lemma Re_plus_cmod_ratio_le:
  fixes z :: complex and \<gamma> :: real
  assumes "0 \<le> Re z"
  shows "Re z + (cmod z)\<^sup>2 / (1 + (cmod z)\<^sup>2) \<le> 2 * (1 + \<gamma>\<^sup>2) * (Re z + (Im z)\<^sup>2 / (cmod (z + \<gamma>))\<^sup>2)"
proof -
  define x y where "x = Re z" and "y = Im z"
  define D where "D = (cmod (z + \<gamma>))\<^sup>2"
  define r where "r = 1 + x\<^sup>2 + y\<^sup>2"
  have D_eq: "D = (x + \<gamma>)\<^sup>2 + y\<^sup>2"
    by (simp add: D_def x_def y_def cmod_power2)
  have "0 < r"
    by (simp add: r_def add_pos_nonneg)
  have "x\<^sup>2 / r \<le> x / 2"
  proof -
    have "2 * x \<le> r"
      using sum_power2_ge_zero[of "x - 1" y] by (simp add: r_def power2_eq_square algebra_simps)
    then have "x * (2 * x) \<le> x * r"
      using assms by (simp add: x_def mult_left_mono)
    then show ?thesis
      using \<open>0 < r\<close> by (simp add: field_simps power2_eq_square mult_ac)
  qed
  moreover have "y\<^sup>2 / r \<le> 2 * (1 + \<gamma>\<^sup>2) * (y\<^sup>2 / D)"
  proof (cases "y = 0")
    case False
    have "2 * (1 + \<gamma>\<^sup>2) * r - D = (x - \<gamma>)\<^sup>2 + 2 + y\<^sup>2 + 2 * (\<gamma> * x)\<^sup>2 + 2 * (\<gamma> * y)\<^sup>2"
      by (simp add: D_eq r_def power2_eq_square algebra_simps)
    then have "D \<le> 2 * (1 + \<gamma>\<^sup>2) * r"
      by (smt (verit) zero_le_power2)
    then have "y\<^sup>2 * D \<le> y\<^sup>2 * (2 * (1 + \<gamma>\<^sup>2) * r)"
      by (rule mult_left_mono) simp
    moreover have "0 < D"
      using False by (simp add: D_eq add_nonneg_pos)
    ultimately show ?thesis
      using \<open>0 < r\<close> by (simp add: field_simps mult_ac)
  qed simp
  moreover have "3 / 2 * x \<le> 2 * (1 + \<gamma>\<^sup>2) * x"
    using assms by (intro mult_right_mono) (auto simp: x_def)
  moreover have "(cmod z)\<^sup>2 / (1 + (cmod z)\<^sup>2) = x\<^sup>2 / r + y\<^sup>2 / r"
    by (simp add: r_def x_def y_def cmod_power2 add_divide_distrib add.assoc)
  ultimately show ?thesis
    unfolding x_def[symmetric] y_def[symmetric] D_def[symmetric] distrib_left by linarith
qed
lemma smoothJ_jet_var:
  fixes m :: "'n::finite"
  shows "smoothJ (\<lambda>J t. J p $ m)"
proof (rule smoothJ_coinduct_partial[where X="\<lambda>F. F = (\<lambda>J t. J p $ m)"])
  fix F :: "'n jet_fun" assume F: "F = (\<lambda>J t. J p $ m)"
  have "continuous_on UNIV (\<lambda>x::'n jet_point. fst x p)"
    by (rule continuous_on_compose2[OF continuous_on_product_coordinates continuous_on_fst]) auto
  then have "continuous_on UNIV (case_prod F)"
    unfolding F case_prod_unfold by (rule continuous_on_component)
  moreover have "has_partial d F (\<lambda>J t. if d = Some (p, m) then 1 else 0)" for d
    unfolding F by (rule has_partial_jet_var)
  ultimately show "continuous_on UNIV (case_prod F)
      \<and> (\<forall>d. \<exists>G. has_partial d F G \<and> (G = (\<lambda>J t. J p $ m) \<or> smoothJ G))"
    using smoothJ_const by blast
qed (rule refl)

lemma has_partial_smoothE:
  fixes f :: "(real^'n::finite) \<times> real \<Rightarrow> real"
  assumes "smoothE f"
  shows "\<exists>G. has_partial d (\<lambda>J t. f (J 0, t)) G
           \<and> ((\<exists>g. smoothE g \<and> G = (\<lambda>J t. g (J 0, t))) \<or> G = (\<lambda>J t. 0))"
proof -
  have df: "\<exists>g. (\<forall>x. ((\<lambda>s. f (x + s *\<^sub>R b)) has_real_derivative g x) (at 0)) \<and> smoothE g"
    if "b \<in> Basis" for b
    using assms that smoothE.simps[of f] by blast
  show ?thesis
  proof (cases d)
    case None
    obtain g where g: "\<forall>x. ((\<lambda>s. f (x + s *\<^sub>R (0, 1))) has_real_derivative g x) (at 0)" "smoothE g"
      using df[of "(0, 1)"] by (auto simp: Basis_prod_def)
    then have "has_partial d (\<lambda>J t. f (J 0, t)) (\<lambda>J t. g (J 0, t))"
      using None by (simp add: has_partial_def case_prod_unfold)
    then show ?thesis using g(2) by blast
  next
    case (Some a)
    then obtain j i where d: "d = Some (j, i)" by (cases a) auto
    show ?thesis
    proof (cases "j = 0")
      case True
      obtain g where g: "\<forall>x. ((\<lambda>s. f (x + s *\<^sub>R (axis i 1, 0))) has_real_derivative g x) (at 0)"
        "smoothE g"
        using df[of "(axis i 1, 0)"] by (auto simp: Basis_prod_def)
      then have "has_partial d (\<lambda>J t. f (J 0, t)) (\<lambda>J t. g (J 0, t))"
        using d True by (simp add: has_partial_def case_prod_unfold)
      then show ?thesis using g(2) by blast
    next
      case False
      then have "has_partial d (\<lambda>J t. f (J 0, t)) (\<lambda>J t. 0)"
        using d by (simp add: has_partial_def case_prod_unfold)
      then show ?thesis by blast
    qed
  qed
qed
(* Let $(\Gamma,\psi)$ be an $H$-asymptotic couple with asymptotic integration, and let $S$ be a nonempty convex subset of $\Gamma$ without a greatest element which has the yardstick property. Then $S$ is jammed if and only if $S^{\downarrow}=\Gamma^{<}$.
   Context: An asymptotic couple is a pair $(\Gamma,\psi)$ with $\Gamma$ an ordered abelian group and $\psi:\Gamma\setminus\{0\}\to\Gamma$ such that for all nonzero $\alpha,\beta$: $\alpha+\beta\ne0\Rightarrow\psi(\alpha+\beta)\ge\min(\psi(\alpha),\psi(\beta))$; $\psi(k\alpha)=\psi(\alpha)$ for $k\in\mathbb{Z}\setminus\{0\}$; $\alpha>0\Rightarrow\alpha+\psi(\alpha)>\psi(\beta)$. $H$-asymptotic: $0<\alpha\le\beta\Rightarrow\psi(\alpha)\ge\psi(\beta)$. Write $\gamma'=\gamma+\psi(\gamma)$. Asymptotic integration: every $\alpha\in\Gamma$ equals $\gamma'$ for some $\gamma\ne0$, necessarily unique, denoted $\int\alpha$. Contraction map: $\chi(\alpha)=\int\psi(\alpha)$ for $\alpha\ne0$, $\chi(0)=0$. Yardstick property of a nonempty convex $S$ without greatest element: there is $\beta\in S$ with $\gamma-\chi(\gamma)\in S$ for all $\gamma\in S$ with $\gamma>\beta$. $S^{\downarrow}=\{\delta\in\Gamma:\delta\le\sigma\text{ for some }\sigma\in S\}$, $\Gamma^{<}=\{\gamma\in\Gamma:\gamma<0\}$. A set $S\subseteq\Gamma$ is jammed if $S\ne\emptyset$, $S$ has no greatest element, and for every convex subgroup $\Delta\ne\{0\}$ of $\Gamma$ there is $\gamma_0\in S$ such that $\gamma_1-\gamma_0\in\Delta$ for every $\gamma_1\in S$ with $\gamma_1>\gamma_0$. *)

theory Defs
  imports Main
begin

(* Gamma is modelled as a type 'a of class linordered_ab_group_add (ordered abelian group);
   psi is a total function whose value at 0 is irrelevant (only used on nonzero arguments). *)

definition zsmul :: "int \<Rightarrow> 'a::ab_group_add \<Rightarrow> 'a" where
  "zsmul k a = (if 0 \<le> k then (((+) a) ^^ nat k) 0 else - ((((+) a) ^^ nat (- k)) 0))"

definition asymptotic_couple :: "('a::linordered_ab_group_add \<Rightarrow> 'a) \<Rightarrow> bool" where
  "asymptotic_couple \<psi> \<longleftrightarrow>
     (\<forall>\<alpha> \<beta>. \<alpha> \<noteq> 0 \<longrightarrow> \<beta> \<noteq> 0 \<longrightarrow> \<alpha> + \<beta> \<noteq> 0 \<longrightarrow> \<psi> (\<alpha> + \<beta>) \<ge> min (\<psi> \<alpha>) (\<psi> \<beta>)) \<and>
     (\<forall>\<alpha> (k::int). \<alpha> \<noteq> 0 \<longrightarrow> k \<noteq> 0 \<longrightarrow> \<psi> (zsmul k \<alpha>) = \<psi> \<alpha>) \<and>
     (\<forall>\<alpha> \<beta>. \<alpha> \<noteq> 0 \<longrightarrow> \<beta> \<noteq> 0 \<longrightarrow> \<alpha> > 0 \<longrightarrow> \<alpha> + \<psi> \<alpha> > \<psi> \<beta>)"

- The problem
Filter the lines above, keeping each one that contains the string "moreover".

- The completed task
  moreover have "y\<^sup>2 / r \<le> 2 * (1 + \<gamma>\<^sup>2) * (y\<^sup>2 / D)"
    moreover have "0 < D"
  moreover have "3 / 2 * x \<le> 2 * (1 + \<gamma>\<^sup>2) * x"
  moreover have "(cmod z)\<^sup>2 / (1 + (cmod z)\<^sup>2) = x\<^sup>2 / r + y\<^sup>2 / r"
  moreover have "has_partial d F (\<lambda>J t. if d = Some (p, m) then 1 else 0)" for d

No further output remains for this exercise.